Он подвел ее к столу, вложил ручку в негнущиеся пальцы. Дублинская подписала не глядя.
- Садитесь.
Дублинская опустилась на стул и уставилась в зеленую, плохо окрашенную стену с влажными потеками.
- Оксана Витальевна, вы обвиняетесь в убийстве вашего мужа, Сергея Дублинского.
- Я это уже знаю, - почти не шевеля губами, произнесла Дублинская.
- Что вы можете сказать по этому поводу? Вы признаете обвинение?
- Нет. Я не убивала… - без всякого выражения ответила Дублинская.
- Во время обыска вы заявили, что не знаете, как в вашей квартире оказался нож со следами крови, откуда на вашей обуви и колесах автомобиля оказался грунт с места сожжения трупа и почему ваша обувь залита бензином.
- Да, я не знаю откуда это все, - отвечала Дублинская.
- Оксана Витальевна, - вмешался Гордеев, - а вы можете предположить, откуда это все взялось? Ведь не мог же этот нож, например, с неба свалиться.
Дублинская задумалась.
- Не знаю… Это не мой нож. У меня никогда такого ножа не было.
- Ваших отпечатков пальцев на ноже не найдено, - сказала Лена. - однако то, что нож найден именно в вашей квартире, в совокупности с другими уликами и стало основанием для обвинения.
- Нож могли подбросить, - возразил Гордеев.
- Это следует доказать, - сказала Лена.
- Скажите, - обратился Гордеев к Дублинской, - кто-нибудь мог вам подбросить этот нож?
- Не знаю…
- Может быть, у вас были чужие люди в гостях, конечно, после исчезновения мужа. Или не чужие? Припомните!
- Нет, - подумав, ответила Дублинская, - только родная сестра. А она не могла ничего подбросить.
- Может быть, вы замечали что-то странное в квартире? - не отставал Гордеев.
- Нет, - ответила Дублинская после недолгого колебания.
Лена посмотрела на Гордеева. "Ну что я тебе говорила?" - прочел он в ее глазах.
- Хорошо… Откуда на колесах вашего автомобиля грунт с места сожжения трупа?
- Не знаю…
- А на обуви?
- Не знаю…
- Вы можете объяснить хотя бы, почему ваши туфли залиты бензином?
- Не знаю… - в третий раз повторила Дублинская. - Но когда я их последний раз снимала, на них не было ни земли, ни бензина. Это я точно помню.
- Когда вы последний раз одевали эти туфли? - спросил Гордеев.
- Примерно неделю назад.
- То есть до пропажи вашего мужа?
- Да.
- И они стояли там, где их нашли? В прихожей?
Деблинская задумалась.
- Нет, - наконец ответила она. - Я их спрятала в шкаф для обуви.
- Вы уверены?
- Да. Дело в том, что я купила новые босоножки, а старые спрятала.
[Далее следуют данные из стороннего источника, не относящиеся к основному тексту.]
(* Let $\alpha_1=\alpha_2\neq0$. Then for any $s,b,\beta_1,\beta_2\in\mathbb{R}$ there is no constant $C=C(\alpha_1,\alpha_2,s,b,\beta_1,\beta_2)$ such that \[ \|\partial_xw\|_{X^{\alpha_2,\beta_2}_{s,b-1}}\le C\|w\|_{X^{\alpha_1,\beta_1}_{s,b}}\quad\text{for all } w\in X^{\alpha_1,\beta_1}_{s,b}. \]
   Context: For $\alpha\ne0$, $\beta\in\mathbb{R}$ let $\phi^{\alpha,\beta}(\xi)=\alpha\xi^3-\beta\xi$ and $\langle x\rangle=1+|x|$. For $s,b\in\mathbb{R}$ the Fourier restriction space $X^{\alpha,\beta}_{s,b}$ is the completion of the Schwartz space $\mathscr{S}(\mathbb{R}^2)$ under the norm $\|w\|_{X^{\alpha,\beta}_{s,b}}=\|\langle\xi\rangle^s\langle\tau-\phi^{\alpha,\beta}(\xi)\rangle^b\widehat w(\xi,\tau)\|_{L^2(d\xi\,d\tau)}$, where $\widehat w$ is the space-time Fourier transform. *)

theory Defs
  imports "HOL-Analysis.Analysis"
begin

text \<open>Functions on space-time \<open>\<real>\<^sup>2\<close> are written \<open>w :: real \<times> real \<Rightarrow> complex\<close>,
  with \<open>w (x, t)\<close>; the Fourier variables are \<open>(\<xi>, \<tau>)\<close>.\<close>

definition japanese :: "real \<Rightarrow> real" where
  "japanese x = 1 + \<bar>x\<bar>"

definition phi :: "real \<Rightarrow> real \<Rightarrow> real \<Rightarrow> real" where
  "phi \<alpha> \<beta> \<xi> = \<alpha> * \<xi> ^ 3 - \<beta> * \<xi>"

definition dx :: "(real \<times> real \<Rightarrow> complex) \<Rightarrow> real \<times> real \<Rightarrow> complex" where
  "dx f = (\<lambda>(x, t). vector_derivative (\<lambda>y::real. f (y, t)) (at x))"

definition dt :: "(real \<times> real \<Rightarrow> complex) \<Rightarrow> real \<times> real \<Rightarrow> complex" where
  "dt f = (\<lambda>(x, t). vector_derivative (\<lambda>s::real. f (x, s)) (at t))"

fun pderiv_word :: "bool list \<Rightarrow> (real \<times> real \<Rightarrow> complex) \<Rightarrow> real \<times> real \<Rightarrow> complex" where
  "pderiv_word [] f = f"
| "pderiv_word (d # ds) f = (if d then dx else dt) (pderiv_word ds f)"

definition schwartz :: "(real \<times> real \<Rightarrow> complex) set" where
  "schwartz = {f. \<forall>ds. continuous_on UNIV (pderiv_word ds f)
      \<and> (\<forall>x t. (\<lambda>y. pderiv_word ds f (y, t)) differentiable (at x)
               \<and> (\<lambda>s. pderiv_word ds f (x, s)) differentiable (at t))
      \<and> (\<forall>j k::nat. \<exists>M. \<forall>x t. \<bar>x\<bar> ^ j * \<bar>t\<bar> ^ k * cmod (pderiv_word ds f (x, t)) \<le> M)}"

definition fourier2 :: "(real \<times> real \<Rightarrow> complex) \<Rightarrow> real \<times> real \<Rightarrow> complex" where
  "fourier2 w = (\<lambda>(\<xi>, \<tau>). \<integral>z. w z * exp (- \<i> * complex_of_real (\<xi> * fst z + \<tau> * snd z)) \<partial>lborel)"

text \<open>The norm of the Fourier restriction space \<open>X^{\<alpha>,\<beta>}_{s,b}\<close> (on Schwartz functions,
  where the integral is finite).\<close>
definition Xnorm :: "real \<Rightarrow> real \<Rightarrow> real \<Rightarrow> real \<Rightarrow> (real \<times> real \<Rightarrow> complex) \<Rightarrow> real" where
  "Xnorm \<alpha> \<beta> s b w = sqrt (enn2real (\<integral>\<^sup>+ p.
      ennreal ((japanese (fst p) powr s * japanese (snd p - phi \<alpha> \<beta> (fst p)) powr b
                * cmod (fourier2 w p))\<^sup>2) \<partial>lborel))"

end

theory Submission
  imports Defs "HOL-Probability.Probability" "HOL-Computational_Algebra.Polynomial"
begin

text \<open>
  The counterexamples are Gaussian wave packets w whose Fourier transform is concentrated on the
  box |\<xi> - a| \<le> a^-2, |\<tau> - c| \<le> 1, with a \<rightarrow> \<infinity>. On this box japanese \<xi> \<approx> a, the
  derivative in x multiplies the Fourier transform by |\<xi>| \<approx> a, and phi \<alpha> \<beta> \<xi> stays within
  O(japanese (a^2 (\<xi> - a))^3) = O(1) of phi \<alpha> \<beta> a. Since \<alpha>1 = \<alpha>2, the two phases differ
  only by (\<beta>2 - \<beta>1) \<xi> = O(a).
  If b > 0, centre the packet on the first phase, c = phi \<alpha> \<beta>1 a: the X_{s,b} norm of w is
  then comparable to its X_{s,0} norm, while the modulation weight of \<partial>x w in X_{s,b-1} is at
  least of order a^(2b-2), so the ratio of the squared norms grows like a^min(2, 2b). If b \<le> 0,
  centre it on the second phase, c = phi \<alpha> \<beta>2 a: the weight japanese (\<tau> - phi \<alpha> \<beta>1 \<xi>)^2b \<le> 1
  keeps the same upper bound, and the ratio grows like a^2.
\<close>

section \<open>The Japanese bracket\<close>

lemma japanese_ge_1: "1 \<le> japanese x"
  by (simp add: japanese_def)

lemma japanese_pos: "0 < japanese x"
  by (simp add: japanese_def)

lemma japanese_uminus [simp]: "japanese (- x) = japanese x"
  by (simp add: japanese_def)

lemma abs_le_japanese: "\<bar>x\<bar> \<le> japanese x"
  by (simp add: japanese_def)

lemma japanese_mono: "\<bar>x\<bar> \<le> \<bar>y\<bar> \<Longrightarrow> japanese x \<le> japanese y"
  by (simp add: japanese_def)

lemma japanese_le_mult: "1 \<le> \<bar>l\<bar> \<Longrightarrow> japanese x \<le> japanese (l * x)"
  by (rule japanese_mono) (simp add: abs_mult mult_le_cancel_right1)

lemma japanese_add_le: "japanese (x + y) \<le> japanese x * japanese y"
proof -
  have "0 \<le> \<bar>x\<bar> * \<bar>y\<bar>"
    by simp
  moreover have "(1 + \<bar>x\<bar>) * (1 + \<bar>y\<bar>) = 1 + \<bar>x\<bar> + \<bar>y\<bar> + \<bar>x\<bar> * \<bar>y\<bar>"
    by (simp add: algebra_simps)
  ultimately show ?thesis
    unfolding japanese_def using abs_triangle_ineq[of x y] by linarith
qed

lemma japanese_powr_add_le: "japanese (x + y) powr r \<le> japanese x powr r * japanese y powr \<bar>r\<bar>"
proof (cases "0 \<le> r")
  case True
  have "japanese (x + y) powr r \<le> (japanese x * japanese y) powr r"
    using True japanese_add_le japanese_pos by (intro powr_mono2) (auto intro: less_imp_le)
  also have "\<dots> = japanese x powr r * japanese y powr r"
    using japanese_pos by (simp add: powr_mult less_imp_le)
  finally show ?thesis
    using True by simp
next
  case False
  have "japanese x \<le> japanese (x + y) * japanese y"
    using japanese_add_le[of "x + y" "- y"] by simp
  then have "japanese x / japanese y \<le> japanese (x + y)"
    using japanese_pos[of y] by (simp add: divide_le_eq)
  then have "japanese (x + y) powr r \<le> (japanese x / japanese y) powr r"
    using False japanese_pos by (intro powr_mono2') auto
  also have "\<dots> = japanese x powr r / japanese y powr r"
    using japanese_ge_1[of x] japanese_ge_1[of y] by (simp add: powr_divide)
  also have "\<dots> = japanese x powr r * japanese y powr \<bar>r\<bar>"
    using False by (simp add: powr_minus divide_inverse)
  finally show ?thesis .
qed

lemma japanese_powr_add_ge: "japanese x powr r / japanese y powr \<bar>r\<bar> \<le> japanese (x + y) powr r"
proof -
  have "japanese x powr r \<le> japanese (x + y) powr r * japanese y powr \<bar>r\<bar>"
    using japanese_powr_add_le[of "x + y" "- y" r] by simp
  then show ?thesis
    using japanese_pos[of y] by (simp add: divide_le_eq)
qed

lemma power2_japanese_powr: "(japanese x powr t)^2 = japanese x powr (2 * t)"
  by (simp add: power2_eq_square powr_add[symmetric] japanese_pos)

lemma power_le_exp:
  assumes "0 \<le> y" "0 < n"
  shows "y ^ n \<le> real n ^ n * exp y"
proof -
  have "(y / real n) ^ n \<le> (1 + y / real n) ^ n"
    using assms by (intro power_mono) auto
  also have "\<dots> \<le> exp y"
    using assms by (intro exp_ge_one_plus_x_over_n_power_n) auto
  finally show ?thesis
    using assms by (simp add: power_divide field_simps)
qed

lemma japanese_power_mult_gauss_bounded:
  assumes "0 < p"
  shows "\<exists>M. \<forall>x. japanese x ^ N * exp (- p * x^2 / 2) \<le> M"
proof (intro exI allI)
  fix x :: real
  define n where "n = Suc N"
  define y where "y = p * (1 + x^2) / 2"
  have "japanese x ^ N \<le> japanese x ^ (2 * n)"
    using japanese_ge_1 by (intro power_increasing) (auto simp: n_def)
  also have "\<dots> = (japanese x ^ 2) ^ n"
    by (simp add: power_mult)
  also have "\<dots> \<le> (2 * (1 + x^2)) ^ n"
  proof (intro power_mono)
    show "japanese x ^ 2 \<le> 2 * (1 + x^2)"
      using zero_le_power2[of "\<bar>x\<bar> - 1"] unfolding japanese_def
      by (simp add: power2_eq_square algebra_simps)
  qed (simp add: japanese_def)
  also have "2 * (1 + x^2) = (4 / p) * y"
    using assms by (simp add: y_def)
  also have "((4 / p) * y) ^ n = (4 / p) ^ n * y ^ n"
    by (rule power_mult_distrib)
  also have "\<dots> \<le> (4 / p) ^ n * (real n ^ n * exp y)"
    using assms by (intro mult_left_mono power_le_exp) (auto simp: n_def y_def)
  finally have "japanese x ^ N * exp (- p * x^2 / 2)
      \<le> (4 / p) ^ n * (real n ^ n * exp y) * exp (- p * x^2 / 2)"
    by (rule mult_right_mono) simp
  also have "\<dots> = (4 / p) ^ n * real n ^ n * (exp y * exp (- p * x^2 / 2))"
    by (simp only: mult.assoc)
  also have "exp y * exp (- p * x^2 / 2) = exp (p / 2)"
    by (simp add: y_def exp_add[symmetric] algebra_simps)
  finally show "japanese x ^ N * exp (- p * x^2 / 2) \<le> (4 / p) ^ n * real n ^ n * exp (p / 2)" .
qed

lemma japanese_powr_mult_gauss_bounded:
  assumes "0 \<le> N"
  obtains M where "0 < M" "\<And>x. japanese x powr N * exp (- (x^2) / 2) \<le> M"
proof -
  obtain M where M: "\<And>x. japanese x ^ nat \<lceil>N\<rceil> * exp (- (x^2) / 2) \<le> M"
    using japanese_power_mult_gauss_bounded[of 1 "nat \<lceil>N\<rceil>"] by auto
  have "japanese x powr N * exp (- (x^2) / 2) \<le> M" for x
  proof -
    have "japanese x powr N \<le> japanese x powr (real (nat \<lceil>N\<rceil>))"
      using japanese_ge_1[of x] assms by (intro powr_mono) auto
    also have "\<dots> = japanese x ^ nat \<lceil>N\<rceil>"
      using japanese_pos[of x] by (simp add: powr_realpow)
    finally have "japanese x powr N * exp (- (x^2) / 2) \<le> japanese x ^ nat \<lceil>N\<rceil> * exp (- (x^2) / 2)"
      by (rule mult_right_mono) simp
    then show ?thesis
      using M[of x] by linarith
  qed
  moreover have "1 \<le> M"
    using M[of 0] by (simp add: japanese_def)
  ultimately show thesis
    by (intro that[of M]) simp_all
qed

lemma abs_power_le_japanese_cube: "k \<le> 3 \<Longrightarrow> \<bar>u\<bar> ^ k \<le> japanese u ^ 3"
  using abs_le_japanese[of u] japanese_ge_1[of u]
  by (meson abs_ge_zero order_trans power_increasing power_mono)

lemma powr_le_powr_abs:
  fixes x y :: real
  assumes "1 \<le> x" "1 \<le> y" "r \<le> 0 \<or> x \<le> y"
  shows "x powr r \<le> y powr \<bar>r\<bar>"
proof (cases "r \<le> 0")
  case True
  then have "x powr r \<le> 1"
    using powr_mono[of r 0 x] assms(1) by simp
  also have "1 \<le> y powr \<bar>r\<bar>"
    using assms(2) by (simp add: ge_one_powr_ge_zero)
  finally show ?thesis .
next
  case False
  then show ?thesis
    using assms by (simp add: powr_mono2)
qed

lemma powr_min_0_le:
  fixes x R :: real
  assumes "1 \<le> x" "x \<le> R"
  shows "R powr (min 0 e) \<le> x powr e"
proof (cases "0 \<le> e")
  case True
  then show ?thesis
    using assms by (simp add: ge_one_powr_ge_zero)
next
  case False
  then show ?thesis
    using assms by (simp add: powr_mono2')
qed

section \<open>Gaussians times polynomials on the line\<close>

definition gauss_wave :: "real \<Rightarrow> real \<Rightarrow> complex \<Rightarrow> complex" where
  "gauss_wave p q z = exp (- of_real p * z^2 / 2 + \<i> * of_real q * z)"

definition poly_gauss :: "complex poly \<Rightarrow> real \<Rightarrow> real \<Rightarrow> real \<Rightarrow> complex" where
  "poly_gauss P p q x = poly P (of_real x) * gauss_wave p q (of_real x)"

definition gauss_pderiv :: "real \<Rightarrow> real \<Rightarrow> complex poly \<Rightarrow> complex poly" where
  "gauss_pderiv p q P = pderiv P + P * [:\<i> * of_real q, - of_real p:]"

lemma has_field_derivative_gauss_wave:
  "(gauss_wave p q has_field_derivative (\<i> * of_real q - of_real p * z) * gauss_wave p q z) (at z)"
  unfolding gauss_wave_def
  by (auto intro!: derivative_eq_intros simp: algebra_simps power2_eq_square)

lemma has_vector_derivative_poly_gauss:
  "(poly_gauss P p q has_vector_derivative poly_gauss (gauss_pderiv p q P) p q x) (at x within S)"
proof -
  have "((\<lambda>z. poly P z * gauss_wave p q z) has_field_derivative
      poly (gauss_pderiv p q P) z * gauss_wave p q z) (at z)" for z
    by (auto intro!: derivative_eq_intros has_field_derivative_gauss_wave[THEN DERIV_chain2]
        simp: gauss_pderiv_def algebra_simps)
  from has_vector_derivative_real_field[OF this[of "of_real x"]] show ?thesis
    unfolding poly_gauss_def[abs_def] .
qed

lemma norm_gauss_wave_of_real: "cmod (gauss_wave p q (of_real x)) = exp (- p * x^2 / 2)"
  unfolding gauss_wave_def norm_exp_eq_Re by simp

lemma gauss_wave_of_real:
  "gauss_wave p q (of_real x) = of_real (exp (- p * x^2 / 2)) * exp (\<i> * of_real (q * x))"
proof -
  have "gauss_wave p q (of_real x) = exp (of_real (- p * x^2 / 2) + \<i> * of_real (q * x))"
    unfolding gauss_wave_def by (simp add: algebra_simps)
  then show ?thesis by (simp only: exp_add exp_of_real)
qed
- И с тех пор не доставали?
- Нет. Я их ношу, когда дождь, а все эти дни стояла теплая погода.
- А согласно протоколу обыска, эти туфли были найдены в прихожей на полу, - заметил Гордеев, обращаясь не столько к Дублинской, сколько к Лене. Впрочем, та промолчала.
- Да, я помню, - сказала Дублинская, - я как раз стояла в прихожей, когда эксперт поднял с пола мои туфли. А шкаф они еще тогда не открыли.
- И как вы объясните этот факт?
- Не знаю… Я не могу это объяснить.
- На полу, в шкафу… - вмешалась Лена. - Какая разница? Важно, что на обуви были найдены следы грунта и бензина.
- Я думаю, это на самом деле очень важно, - ответил Гордеев.
- Итак, - обратилась Лена к Дублинской, - вы утверждаете, что около пяти ваш муж уехал, и с тех пор вы его не видели.
- Да.
- У вас есть версии, куда он мог поехать?
- Да, но… Мне бы не хотелось об этом говорить.
- Почему? - спросила Лена.
- Это личное… - Дублинская опустила глаза.
- Оксана Витальевна, поймите, любая деталь важна для следствия… - сказал Гордеев.
- Хорошо… Я скажу… Дело в том, что у Сергея была женщина на стороне… - Было видно, что это признание дается ей нелегко.
Лена кивнула:
- Итак, он поехал к своей любовнице Ирине Галковской, не так ли?
Дублинская подняла глаза:
- Вы все и без меня знаете… Да, я подумала именно об этом.
- И вас это задело - муж возвращается из загранпоездки и немедленно летит к любовнице? Не так ли?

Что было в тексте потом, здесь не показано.